Other methods such as modular arithmetic or dividing without the loop I used introduce bias. Methods that go through floating point intermediates do not avoid this problem. Getting good random floating point numbers from rand is at least as difficult. Using my function for integers (or an improvement of it) is a good place to start if you want random floats.
Edit: Here's an explanation of what I mean by bias. Suppose RAND_MAX is 7 and limit is 5. Suppose (if this is a good rand function) that the outputs 0, 1, 2, ..., 7 are all equally likely. Taking rand()%5 would map 0, 1, 2, 3, and 4 to themselves, but map 5, 6, and 7 to 0, 1, and 2. This means the values 0, 1, and 2 are twice as likely to pop up as the values 3 and 4. A similar phenomenon happens if you try to rescale and divide, for instance using rand()*(double)limit/(RAND_MAX+1) Here, 0 and 1 map to 0, 2 and 3 map to 1, 4 maps to 2, 5 and 6 map to 3, and 7 maps to 4.
These effects are somewhat mitigated by the magnitude of RAND_MAX, but they can come back if limit is large.

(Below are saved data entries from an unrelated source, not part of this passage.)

text \<open>A prime ideal avoiding the multiplicative set of all t s^k with t \<in> R - P lies
  inside P and misses s.\<close>
lemma prime_ideal_not_minimal:
  assumes R: "subring R" and P: "prime_ideal R P" and s: "nzd R s" "s \<in> P"
  obtains P' where "prime_ideal R P'" "P' \<subset> P"
proof -
  note R_closed = subringD[OF R]
  have P_ideal: "ideal R P" and PR: "P \<noteq> R"
    and Pp: "\<And>a b. a \<in> R \<Longrightarrow> b \<in> R \<Longrightarrow> a * b \<in> P \<Longrightarrow> a \<in> P \<or> b \<in> P"
    using P unfolding prime_ideal_def by blast+
  have one: "1 \<notin> P" using ideal_eq_if_one[OF P_ideal] PR by blast
  have sR: "s \<in> R" using s unfolding nzd_def by blast
  define M where "M = {t * s ^ k | t k. t \<in> R \<and> t \<notin> P}"
  have zero: "ideal R {0}" unfolding ideal_def submodule_def using R_closed(1) by auto
  have avoid: "{0} \<inter> M = {}"
  proof -
    have "t = 0" if "t \<in> R" "t * s ^ k = 0" for t k
      using nzd_power[OF R s(1), of k] that unfolding nzd_def by (simp add: mult.commute)
    then show ?thesis unfolding M_def using idealD(2)[OF P_ideal] by (auto simp del: mult_eq_0_iff)
  qed
  have one_M: "1 \<in> M"
  proof -
    have "(1::'a) = 1 * s ^ 0" by simp
    then show ?thesis unfolding M_def using one R_closed(2) by blast
  qed
  have M_R: "M \<subseteq> R" unfolding M_def using R_closed(4,7) sR by blast
  have mult_M: "a * b \<in> M" if ab: "a \<in> M" "b \<in> M" for a b
  proof -
    obtain t k t' k' where tt: "a = t * s ^ k" "b = t' * s ^ k'" "t \<in> R" "t \<notin> P" "t' \<in> R" "t' \<notin> P"
      using ab unfolding M_def by blast
    have "a * b = (t * t') * s ^ (k + k')" using tt by (simp add: algebra_simps power_add)
    moreover have "t * t' \<in> R" "t * t' \<notin> P" using tt Pp R_closed(4) by blast+
    ultimately show "a * b \<in> M" unfolding M_def by blast
  qed
  obtain P' where P': "prime_ideal R P'" "P' \<inter> M = {}"
    using prime_ideal_avoiding[OF R zero avoid one_M M_R mult_M] by blast
  have "P' \<subseteq> P"
  proof
    fix a assume a: "a \<in> P'"
    then have "a \<in> R" using P'(1) unfolding prime_ideal_def ideal_def by blast
    then have "a * s ^ 0 \<notin> M" using a P'(2) by auto
    then show "a \<in> P" using \<open>a \<in> R\<close> unfolding M_def by blast
  qed
  moreover have "s \<notin> P'"
  proof -
    have "1 * s ^ 1 \<in> M" unfolding M_def using one R_closed(2) by blast
    then show ?thesis using P'(2) by auto
  qed
  ultimately show ?thesis using that P'(1) s(2) by blast
qed

section \<open>Length\<close>

definition submodule_chain :: "'q::comm_ring_1 set \<Rightarrow> (nat \<Rightarrow> 'q set) \<Rightarrow> nat \<Rightarrow> bool" where
  "submodule_chain R L k \<longleftrightarrow> (\<forall>i\<le>k. submodule R (L i)) \<and> (\<forall>i<k. L i \<subset> L (Suc i))"

lemma mlength_chains:
  "mlength R N M = Sup {enat k | k. \<exists>L. L 0 = N \<and> L k = M \<and> submodule_chain R L k}"
  unfolding mlength_def submodule_chain_def by simp

lemma submodule_chain_mono:
  assumes "submodule_chain R L k" "i \<le> j" "j \<le> k"
  shows "L i \<subseteq> L j"
  using assms(2,3)
proof (induction j)
  case (Suc j)
  show ?case
  proof (cases "i = Suc j")
    case False
    then have "L i \<subseteq> L j" "L j \<subset> L (Suc j)"
      using Suc assms(1) unfolding submodule_chain_def by auto
    then show ?thesis by blast
  qed simp
qed simp

lemma mlength_ge_chain:
  assumes "L 0 = N" "L k = M" "submodule_chain R L k"
  shows "enat k \<le> mlength R N M"
  unfolding mlength_chains using assms by (blast intro: Sup_upper)

lemma mlength_self: "mlength R N N = 0"
proof -
  have "k = 0" if "L 0 = N" "L k = N" "submodule_chain R L k" for L k
  proof (rule ccontr)
    assume "k \<noteq> 0"
    then have "L 0 \<subset> L 1" "L 1 \<subseteq> L k"
      using that(3) submodule_chain_mono[OF that(3), of 1 k] unfolding submodule_chain_def by auto
    then show False using that(1,2) by blast
  qed
  then have "{enat k | k. \<exists>L. L 0 = N \<and> L k = N \<and> submodule_chain R L k} \<subseteq> {0}"
    by (auto simp: zero_enat_def)
  then have "Sup {enat k | k. \<exists>L. L 0 = N \<and> L k = N \<and> submodule_chain R L k} \<le> 0"
    by (intro Sup_least) auto
  then show ?thesis unfolding mlength_chains by simp
qed

lemma submodule_chain_second:
  assumes "submodule_chain R L k" "2 \<le> k"
  shows "submodule R (L 1)" "L 0 \<subset> L 1" "L 1 \<subset> L k"
proof -
  show "submodule R (L 1)" "L 0 \<subset> L 1"
    using assms unfolding submodule_chain_def by simp_all
  have "L 1 \<subset> L 2" using assms unfolding submodule_chain_def by (simp add: numeral_2_eq_2)
  moreover have "L 2 \<subseteq> L k" using submodule_chain_mono[OF assms(1) assms(2) order.refl] .
  ultimately show "L 1 \<subset> L k" by blast
qed

lemma mlength_eq_1_iff:
  assumes N: "submodule R N" and S: "submodule R S" "N \<subseteq> S"
  shows "mlength R N S = 1 \<longleftrightarrow> N \<noteq> S \<and> (\<forall>L. submodule R L \<longrightarrow> N \<subseteq> L \<longrightarrow> L \<subseteq> S \<longrightarrow> L = N \<or> L = S)"
    (is "_ \<longleftrightarrow> _ \<and> ?simple")
proof
  assume len: "mlength R N S = 1"
  have "N \<noteq> S"
  proof
    assume "N = S"
    then show False using len mlength_self[of R N] by simp
  qed
  moreover have ?simple
  proof (intro allI impI)
    fix L assume L: "submodule R L" "N \<subseteq> L" "L \<subseteq> S"
    let ?L = "\<lambda>i::nat. if i = 0 then N else if i = 1 then L else S"
    show "L = N \<or> L = S"
    proof (rule ccontr)
      assume "\<not> ?thesis"
      then have "submodule_chain R ?L 2"
        unfolding submodule_chain_def using N S L by (auto simp: le_Suc_eq less_Suc_eq numeral_2_eq_2)
      then have "enat 2 \<le> mlength R N S" using mlength_ge_chain[of ?L N 2 S] by simp
      then show False using len by (simp add: one_enat_def)
    qed
  qed
  ultimately show "N \<noteq> S \<and> ?simple" ..
next
  assume simple: "N \<noteq> S \<and> ?simple"
  have "{enat k | k. \<exists>L. L 0 = N \<and> L k = S \<and> submodule_chain R L k} = {enat 1}"
  proof (intro equalityI subsetI)
    fix z assume "z \<in> {enat k | k. \<exists>L. L 0 = N \<and> L k = S \<and> submodule_chain R L k}"
    then obtain k L where z: "z = enat k" "L 0 = N" "L k = S" "submodule_chain R L k" by blast
    have "k \<noteq> 0" using z(2,3) simple by auto
    moreover have "\<not> 2 \<le> k" using submodule_chain_second[OF z(4)] z(2,3) simple by blast
    ultimately show "z \<in> {enat 1}" using z(1) by simp
  next
    let ?L = "\<lambda>i::nat. if i = 0 then N else S"
    have "submodule_chain R ?L 1" unfolding submodule_chain_def using N S simple by auto
    then have "\<exists>L. L 0 = N \<and> L 1 = S \<and> submodule_chain R L 1" by (intro exI[of _ ?L]) simp
    then show "z \<in> {enat k | k. \<exists>L. L 0 = N \<and> L k = S \<and> submodule_chain R L k}"
      if "z \<in> {enat 1}" for z using that by blast
  qed
  then show "mlength R N S = 1" unfolding mlength_chains by (simp add: one_enat_def)
qed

By the way, as others have said, with linear congruence PRNGs (the typical implementation of rand), the low bits tend to behave very badly, so using modular arithmetic when limit is a power of 2 may avoid the bias problem I described (since limit usually divides RAND_MAX+1 evenly in this case), but you run into a different problem in its place.
How about this:
int randomGen(int limit)
{
return rand() % limit;
}
/* ... */
int main()
{
srand(time(NULL));
printf("%d", randomGen(2041));
return 0;
}
Any pseudo-random generator will repeat the values over and over again with some period. C only has rand(), if you use that you should definitively initialize the random seed with srand(). But probably your platform has better than that.
On POSIX systems there is a whole family of functions that you should find under the man drand48 page. They have a well defined period and quality. You probably find what you need, there.
Without explicit knowledge of the random generator of your platform, do not do rand() % max. The low-order bytes of simple random number generators are usually not random at all.
Use instead (returns a number between min inclusive and max non-inclusive):
int randomIntegerInRange(int min, int max)
{
double tmp = (double)rand() / (RAND_MAX - 1.);
return min + (int)floor(tmp * (max - min));
}
Update: The solution above is biased (see comments for explanation), and will likely not produce uniform results. I do not delete it since it is a non natural example of what not to do. Please use rejection methods as recommended elsewhere in this thread.